TRAIN WRECK UPDATE: Obamacare Co-Ops Exploit Dodgy Pricing.

You can read this development in two ways. One is as the surprising success of an innovative business model. And the other is as a potential fiscal disaster.

My general understanding of health insurance markets is that they are very, very tightly priced. If a policy is significantly cheaper, it’s either because the policy offers fewer benefits, its provider networks are miserly, or the insurance company has found a way to select for unusually healthy patients. (My favorite example of this in recent years was the Medicare Advantage policies that prominently advertised free gym memberships. You can imagine which seniors this benefit appeals to.)

And maybe that’s what the Obamacare phones are for. An insurer with 80 percent of the state market, however, cannot be lowering its prices through cherry-picking patients. My understanding is that most of the exchange policies offer relatively thin networks compared with the policies that are sold to employers, or individuals off the exchange, so that’s unlikely to be the full explanation, either.
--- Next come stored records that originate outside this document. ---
(* Consider either the fixed $p$-processor cup game (for some $p$) or the variable-processor cup game, in either the negative-fill or the non-negative-fill version. If a state $A$ weakly monopolizes a state $B$, then for every $t\ge0$, $\operatorname{GREEDY}(A,t)\ge\operatorname{OPT}(B,t)$.
   Context: A state is a multiset of $n$ real fills. In the variable-processor game, each round the filler chooses an integer $1\le p\le n$ and reals $a_i\in[0,1]$ with $\sum a_i=p$, adds $a_i$ to cup $i$, and then the emptier chooses $p$ distinct cups and removes one unit from each (fill $x\mapsto\max(0,x-1)$ in the non-negative-fill version, $x\mapsto x-1$ in the negative-fill version); the fixed $p$-processor game is the same with $p$ fixed. Backlog = maximum fill. $\operatorname{OPT}(S,0)$ is the backlog of $S$ and $\operatorname{OPT}(S,t)=\sup_{S'}\min_{S''}\operatorname{OPT}(S'',t-1)$ with $S'$ over states reachable from $S$ by a filler move and $S''$ over states reachable from $S'$ by an emptier move. $\operatorname{GREEDY}(S,t)$ is the supremum backlog a filler can achieve after $t$ rounds from $S$ when the emptier always empties the $p$ fullest cups. $A$ monopolizes $B$ if the cups can be labeled $1,\dots,n$ in both states so that cups $3,\dots,n$ have equal fills in $A$ and $B$, cup $1$ in $A$ has more water than cup $2$ in $B$, cup $1$ in $A$ has exactly one more unit than cup $1$ in $B$, and cup $2$ in $B$ has exactly $c$ more units than cup $2$ in $A$ for some $0\le c\le1$. $A$ dominates $B$ if the cups can be labeled so that each cup in $A$ has at least as much water as the same-labeled cup in $B$. $A$ weakly monopolizes $B$ if $A$ monopolizes or dominates $B$. *)

theory Defs
  imports Complex_Main "HOL-Library.Multiset"
begin

text \<open>Game parameters:
  P  : the set of processor counts the filler may choose from
       (fixed p-processor game: P = {p}; variable-processor game: P = {1..n});
  nn : True for the non-negative-fill version, False for the negative-fill version.\<close>

definition dec :: "bool \<Rightarrow> real \<Rightarrow> real" where
  "dec nn x = (if nn then max 0 (x - 1) else x - 1)"

definition backlog :: "real multiset \<Rightarrow> real" where
  "backlog S = Max (set_mset S)"

definition filler_moves :: "nat set \<Rightarrow> real multiset \<Rightarrow> (nat \<times> real multiset) set" where
  "filler_moves P S = {(p, S'). p \<in> P \<and>
     (\<exists>xs a. mset xs = S \<and> length a = length xs \<and>
        (\<forall>i<length a. 0 \<le> a ! i \<and> a ! i \<le> 1) \<and> sum_list a = real p \<and>
        S' = mset (map2 (+) xs a))}"
(* There is an absolute constant $\delta>0$ such that for all integers $1\le k\le n$ and all vectors $u_1,\ldots,u_n\in\mathbb{R}^k$ with $|u_i|\le 1$ for every $i$, $$\Big|\{x\in\mathbb{R}^k:\ |\langle x,u_i\rangle|\le 1\text{ for every } i\}\Big|^{1/k}\ \ge\ \frac{\delta}{\sqrt{1+\log\frac nk}}.$$
   Context: $|u|$ denotes the Euclidean norm, $\langle\cdot,\cdot\rangle$ the standard inner product, $\log$ the natural logarithm, and $|K|$ the $k$-dimensional Lebesgue measure of $K\subset\mathbb{R}^k$. *)

theory Defs
  imports "HOL-Probability.Probability"
begin

text \<open>Vectors in R^k are represented as functions nat => real restricted to {..<k}
  (extensional, i.e. elements of PiE {..<k} (\<lambda>_. UNIV)); Lebesgue measure on R^k is
  the product measure PiM {..<k} (\<lambda>_. lborel).\<close>

definition inner_k :: "nat \<Rightarrow> (nat \<Rightarrow> real) \<Rightarrow> (nat \<Rightarrow> real) \<Rightarrow> real" where
  "inner_k k x y = (\<Sum>j<k. x j * y j)"

definition norm_k :: "nat \<Rightarrow> (nat \<Rightarrow> real) \<Rightarrow> real" where
  "norm_k k x = sqrt (\<Sum>j<k. (x j)\<^sup>2)"

definition lebesgue_k :: "nat \<Rightarrow> (nat \<Rightarrow> real) measure" where
  "lebesgue_k k = PiM {..<k} (\<lambda>_. lborel)"

end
And what with all the mandates, an insurance company can’t be offering dramatically reduced benefits, either.

Which suggests a worrying alternative possibility — that the inexperienced co-ops have systematically priced their policies too low. That could hit the taxpayer in two ways: through the risk-corridor payments, which will make up excess losses, and through the $2.1 billion worth of government loans that have been made to these insurers.

Well, that would seem par for the course, wouldn’t it?